NINJA

Accelerated engagement to deploy NINJA for Neighbor-Joining trees with large data sets.
The contact for this project is Travis Wheeler

NINJA

  • Reference...
  • Web site...
  • Implementation of Neighbor-Joining algorithm.
  • Written in Java, no major external dependencies.
  • Can do a 220K species tree in six days on one CPU, 2Gbytes RAM
  • Test case was 16s rRNA gene sequence data set, the same one as FASTTREE
  • NINJA offers the full Neighbor Joining method but is optimized for large data sets.
    • Employs filtering steps to minimize the number of pair-wise comparisons required for each iteration.
    • Relies on file I/O for externalization (ie query-optimized serialization) of data structures to free up RAM.
  • Uses external application (FASTTREE) to pre-process sequence data into a distance matrix.
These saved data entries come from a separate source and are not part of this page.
theorem corollary2:
  fixes n m :: nat and A :: "nat \<Rightarrow> complex mat" and \<mu>1 \<mu>2 :: complex
    and \<gamma>s ss :: real and u1 u2 v1 v2 :: "complex vec"
  assumes n_pos: "n \<ge> 1"
    and A_dim: "\<And>j. j \<le> m \<Longrightarrow> A j \<in> carrier_mat n n"
    and lead: "det (A m) \<noteq> 0"
    and mu_ne: "\<mu>1 \<noteq> \<mu>2"
    and gs_nonneg: "\<gamma>s \<ge> 0"
    and gs_max: "\<And>\<gamma>. \<gamma> \<ge> 0 \<Longrightarrow>
        sing_val (2*n - 1) (Fmat n A m \<mu>1 \<mu>2 \<gamma>) \<le> sing_val (2*n - 1) (Fmat n A m \<mu>1 \<mu>2 \<gamma>s)"
    and ss_def: "ss = sing_val (2*n - 1) (Fmat n A m \<mu>1 \<mu>2 \<gamma>s)"
    and ss_pos: "ss > 0"
    and dims: "u1 \<in> carrier_vec n" "u2 \<in> carrier_vec n" "v1 \<in> carrier_vec n" "v2 \<in> carrier_vec n"
    and right_sv: "Fmat n A m \<mu>1 \<mu>2 \<gamma>s *\<^sub>v (v1 @\<^sub>v v2) = complex_of_real ss \<cdot>\<^sub>v (u1 @\<^sub>v u2)"
    and left_sv: "mat_adjoint (Fmat n A m \<mu>1 \<mu>2 \<gamma>s) *\<^sub>v (u1 @\<^sub>v u2) = complex_of_real ss \<cdot>\<^sub>v (v1 @\<^sub>v v2)"
    and u_unit: "conjugate (u1 @\<^sub>v u2) \<bullet> (u1 @\<^sub>v u2) = 1"
    and v_unit: "conjugate (v1 @\<^sub>v v2) \<bullet> (v1 @\<^sub>v v2) = 1"
    and c1: "conjugate u2 \<bullet> (mpoly_divdiff n A m \<mu>1 \<mu>2 *\<^sub>v v1) = 0"
    and c2: "conjugate u2 \<bullet> u1 = conjugate v2 \<bullet> v1"
    and c3: "mat_adjoint (mat_of_cols n [u1, u2]) * mat_of_cols n [u1, u2]
           = mat_adjoint (mat_of_cols n [v1, v2]) * mat_of_cols n [v1, v2]"
    and gs_pos: "\<gamma>s > 0"
    and nonsing: "det (mpoly_divdiff n A m \<mu>1 \<mu>2) \<noteq> 0"
  shows "vec_space.rank n
           (mat_of_cols n [v1, v2 - (complex_of_real \<gamma>s / (\<mu>1 - \<mu>2)) \<cdot>\<^sub>v v1]) = 2"
proof -
  \<comment> \<open>Besides the singular-vector equations only \<open>c3\<close>, \<open>u \<noteq> 0\<close>, \<open>\<gamma>s > 0\<close> and the invertibility
    of \<open>P[\<mu>1,\<mu>2]\<close> are used.\<close>
  have "u1 @\<^sub>v u2 \<noteq> 0\<^sub>v (n + n)"
    using u_unit by auto
  then interpret block_singular_pair n "mpoly_eval n A m \<mu>1" "mpoly_divdiff n A m \<mu>1 \<mu>2"
    "\<mu>1 - \<mu>2" "of_real ss" \<gamma>s u1 u2 v1 v2
    using dims right_sv left_sv c3 gs_pos nonsing Fmat_eq_four_block_mat[OF mu_ne]
    by unfold_locales (auto simp: mpoly_eval_def mpoly_divdiff_def)
  let ?\<theta> = "complex_of_real \<gamma>s / (\<mu>1 - \<mu>2)"
  have "v2 - ?\<theta> \<cdot>\<^sub>v v1 \<noteq> \<alpha> \<cdot>\<^sub>v v1" for \<alpha>
  proof
    assume shifted: "v2 - ?\<theta> \<cdot>\<^sub>v v1 = \<alpha> \<cdot>\<^sub>v v1"
    have "v2 $ i = (\<alpha> + ?\<theta>) * v1 $ i" if "i < n" for i
      using arg_cong[OF shifted, of "\<lambda>x. x $ i"] that dims by (simp add: algebra_simps)
    then have "v2 = (\<alpha> + ?\<theta>) \<cdot>\<^sub>v v1"
      using dims by (intro eq_vecI) auto
    with v2_not_smult_v1 show False by blast
  qed
  then show ?thesis
    using dims v1_nonzero by (intro rank_mat_of_cols_two) auto
qed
The file I/O involved is non-trivial.

Requirements

  • Completion of the software by adding sequence pre-processing (distance matrix calculation)
  • Benchmarking/testing on large data sets
  • What is really wanted is to port the algorithm to C or C++ and make parallelizable

Notes

  • Travis thinks the code is written in such a way that it could be easily ported to C. There are no serious external dependencies.
  • Is reliance on disk I/O to free up memory is a potential problem for large-scale parallel computing?
    • (edit from Travis: I don't believe this will be an impediment to parallelization, as the data structures are well suited to being handled in a distributed fashion. The core difficulty will be in setting those structures up in the first place ... which I think won't be terribly challenging)
  • Calculation of pair-wise distance matrix could be parallelized without too much pain, perl wrapper (for example) for matrix assembly would be the most challenging part, but not that hard.
    • (edit from Travis: I'd propose that distance computation should be done internal to NINJA, to avoid the I/O overhead of writing the distance matrix out to disk, then reading it back in for tree construction. To give a sense of scale, for 200,000 sequences, that distance matrix stored in an ascii file will require a file larger than 200GB)
  • Travis Wheeler is available to convey domain knowledge and design input but does not have time to be directly involved in coding
    • (edit from Travis:  I'm able to do some coding, just not most of it)
  • Cubic growth in run-time predicts a doubling of the data set (to 440K) would require approx ~~40 days on one CPU
    • That would be challenging for parameter tweaking
  • No explicit policy for missing data
  • Would be best to use the same sequence data as RaXML.

Draft plan

Phase 1

1) port NINJA from Java to C/C++

Phase 2

scale-up and parallelization

note: Travis has posted a page with ideas/suggestions for the details of parallelization.